# Educational consultants in Dubai?



## novicegenius (Oct 25, 2012)

Hi,
This is Avini and I live in Bur Dubai. I am interested in pursuing my Masters abroad, preferably in USA. I would like to know who are the best educational consultants in Dubai? Appreciate your help soon as I wish to apply for the Fall'13 course.


----------



## Midlifer (Jul 24, 2012)

Do you know where you want to attend? Frankly, you shouldn't need a consultant. Look at the school's website, find the portion for international students and follow instructions. Your biggest struggle is going to be your undergrad degree. Did you go to an accredited university?


----------



## novicegenius (Oct 25, 2012)

Hi,
Thanks for your reply. Actually the thing is I am tied up with work and dont have time to research and fill out applications. Thats why I wanted to go to an Edu consultant.. and wanted ur opinion on the best one in Dubai?


----------



## Midlifer (Jul 24, 2012)

Sorry, I can't help you on that end. Keep in mind, US universities can spot those applications very quickly and don't think highly of them. Just an American perspective.


----------



## novicegenius (Oct 25, 2012)

Okie, Leme c wat I can do. Thanks for ur help


----------



## imac (Oct 14, 2012)

Midlifer said:


> Sorry, I can't help you on that end. Keep in mind, US universities can spot those applications very quickly and don't think highly of them. Just an American perspective.


x2

One of the worst things you can do is have someone else fill out your application for you...
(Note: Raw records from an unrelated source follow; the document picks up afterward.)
lemma semi_concave_if_quadratic_upper_bound:
  fixes F :: "'a::euclidean_space \<Rightarrow> real"
  assumes "C > 0"
    and bound: "\<And>x. \<exists>L. linear L \<and> (\<forall>y. F y \<le> F x + L (y - x) + C * (norm (y - x))\<^sup>2)"
  shows "semi_concave F"
  unfolding semi_concave_def
proof (intro exI[of _ "1 / C"] conjI)
  have "concave_on UNIV (\<lambda>x. F x - C * (norm x)\<^sup>2)"
  proof (rule concave_on_UNIV_if_linear_support)
    fix x
    obtain L where L: "linear L" "\<forall>y. F y \<le> F x + L (y - x) + C * (norm (y - x))\<^sup>2"
      using bound by blast
    have "linear (\<lambda>d. L d - 2 * C * (x \<bullet> d))"
      using L(1) by (intro linearI) (auto simp: linear_add linear_scale inner_add_right algebra_simps)
    moreover have "F y - C * (norm y)\<^sup>2 \<le> F x - C * (norm x)\<^sup>2 + (L (y - x) - 2 * C * (x \<bullet> (y - x)))" for y
    proof -
      have "C * (norm (y - x))\<^sup>2 = C * (norm y)\<^sup>2 - 2 * C * (x \<bullet> (y - x)) - C * (norm x)\<^sup>2"
        by (simp add: power2_norm_eq_inner inner_diff_left inner_diff_right inner_commute algebra_simps)
      then show ?thesis
        using L(2)[rule_format, of y] by linarith
    qed
    ultimately show "\<exists>L. linear L \<and> (\<forall>y. F y - C * (norm y)\<^sup>2 \<le> F x - C * (norm x)\<^sup>2 + L (y - x))"
      by blast
  qed
  then show "concave_on UNIV (\<lambda>x. F x - (norm x)\<^sup>2 / (1 / C))"
    by (simp add: mult.commute)
qed (use assms in simp)

lemma semi_concave_if_bounded_and_locally_semi_concave:
  fixes F :: "'a::euclidean_space \<Rightarrow> real"
  assumes "\<delta> > 0" and bdd: "\<And>x. \<bar>F x\<bar> \<le> B"
    and local: "\<And>x. \<exists>L. linear L \<and> (\<forall>d. \<bar>L d\<bar> \<le> \<Lambda> * norm d) \<and>
                  (\<forall>y\<in>ball x \<delta>. F y \<le> F x + L (y - x) + C * (norm (y - x))\<^sup>2)"
  shows "semi_concave F"
proof (rule semi_concave_if_quadratic_upper_bound)
  define K where "K = 2 * B / \<delta>\<^sup>2 + \<bar>\<Lambda>\<bar> / \<delta> + \<bar>C\<bar> + 1"
  have "0 \<le> B" using bdd[of 0] by simp
  then have K: "2 * B / \<delta>\<^sup>2 \<ge> 0" "\<bar>\<Lambda>\<bar> / \<delta> \<ge> 0"
    using \<open>\<delta> > 0\<close> by simp_all
  then show "K > 0" by (simp add: K_def)
  fix x
  obtain L where L: "linear L" "\<And>d. \<bar>L d\<bar> \<le> \<Lambda> * norm d"
    and near: "\<forall>y\<in>ball x \<delta>. F y \<le> F x + L (y - x) + C * (norm (y - x))\<^sup>2"
    using local by blast
  have "F y \<le> F x + L (y - x) + K * (norm (y - x))\<^sup>2" for y
  proof (cases "norm (y - x) < \<delta>")
    case True
    then have "y \<in> ball x \<delta>"
      by (simp add: dist_norm norm_minus_commute)
    then have "F y \<le> F x + L (y - x) + C * (norm (y - x))\<^sup>2"
      using near by blast
    also have "C * (norm (y - x))\<^sup>2 \<le> K * (norm (y - x))\<^sup>2"
      using K by (intro mult_right_mono) (auto simp: K_def)
    finally show ?thesis by simp
  next
    case False
    define r where "r = norm (y - x)"
    have "\<delta> \<le> r" using False by (simp add: r_def)
    have "2 * B = 2 * B / \<delta>\<^sup>2 * \<delta>\<^sup>2" using \<open>\<delta> > 0\<close> by simp
    also have "\<dots> \<le> 2 * B / \<delta>\<^sup>2 * r\<^sup>2"
      using K \<open>\<delta> \<le> r\<close> \<open>\<delta> > 0\<close> by (intro mult_left_mono power_mono) auto
    finally have "2 * B \<le> 2 * B / \<delta>\<^sup>2 * r\<^sup>2" .
    moreover have "\<bar>\<Lambda>\<bar> * r \<le> \<bar>\<Lambda>\<bar> / \<delta> * r\<^sup>2"
      using \<open>\<delta> \<le> r\<close> \<open>\<delta> > 0\<close> by (simp add: field_simps power2_eq_square mult_right_mono)
    moreover have "- L (y - x) \<le> \<bar>\<Lambda>\<bar> * r"
      using L(2)[of "y - x"] mult_right_mono[OF abs_ge_self[of \<Lambda>], of r] by (simp add: r_def abs_le_iff)
    moreover have "K * r\<^sup>2 = 2 * B / \<delta>\<^sup>2 * r\<^sup>2 + \<bar>\<Lambda>\<bar> / \<delta> * r\<^sup>2 + (\<bar>C\<bar> + 1) * r\<^sup>2"
      by (simp add: K_def algebra_simps)
    moreover have "(\<bar>C\<bar> + 1) * r\<^sup>2 \<ge> 0" by simp
    ultimately have "F y - F x - L (y - x) \<le> K * r\<^sup>2"
      using bdd[of x] bdd[of y] unfolding abs_le_iff by linarith
    then show ?thesis by (simp add: r_def)
  qed
  then show "\<exists>L. linear L \<and> (\<forall>y. F y \<le> F x + L (y - x) + K * (norm (y - x))\<^sup>2)"
    using L(1) by blast
qed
If you are serious about pursuing this, then you will have to make time to do the research yourself.. also keep in mind that consultants typically get referral fees from schools that are not really considered exemplary, in addition to what they charge you, and would likely push you to those schools... and that would likely not be what you are looking for...


----------



## -Geek (Oct 31, 2012)

novicegenius said:


> Hi,
> This is Avini and I live in Bur Dubai. I am interested in pursuing my Masters abroad, preferably in USA. I would like to know who are the best educational consultants in Dubai? Appreciate your help soon as I wish to apply for the Fall'13 course.


Hey,

You can contact one of the consultants in Knowledge Village. They really help you speed up your process plus they have partnership with many universities worldwide, So that you have a lot of options with courses and fees.

One of my friend used them, and he is in UK right now. Let me know if you want Contact details.


----------



## qadir5000 (Feb 4, 2013)

novicegenius said:


> Hi,
> This is Avini and I live in Bur Dubai. I am interested in pursuing my Masters abroad, preferably in USA. I would like to know who are the best educational consultants in Dubai? Appreciate your help soon as I wish to apply for the Fall'13 course.


Hi,
I can recommend My Classroom Worldwide as they are very professional people and provide great consultation.

Can't post links, but search for them on Facebook they are currently running a 20% discount offer on IELTS/TOEFL.


----------



## crt454 (Sep 3, 2012)

I had intl student friends in the states, and from what i seen and heard it should be easy for you to gain admission. They want those international dollars, thats why intl students pay upwards towards 100% more for tuition.


----------



## ash_ak (Jan 22, 2011)

One suggestion, I can give you is, if you are looking for a US university to apply for and join, I feel you should look for consultants already based in the US. I know it won't be face to face, but nowadays, in the age of skype, email and electronic application filings, your chances of getting into a good school are better working with a consultant based out of there. They have more experience and they deal directly with schools and have good rapport with the International Admissions departments of the schools. (Please note I refer to Universities as schools)


----------



## hareer (May 25, 2013)

-Geek said:


> Hey,
> 
> You can contact one of the consultants in Knowledge Village. They really help you speed up your process plus they have partnership with many universities worldwide, So that you have a lot of options with courses and fees.
> 
> One of my friend used them, and he is in UK right now. Let me know if you want Contact details.


plss giv me the detailss


----------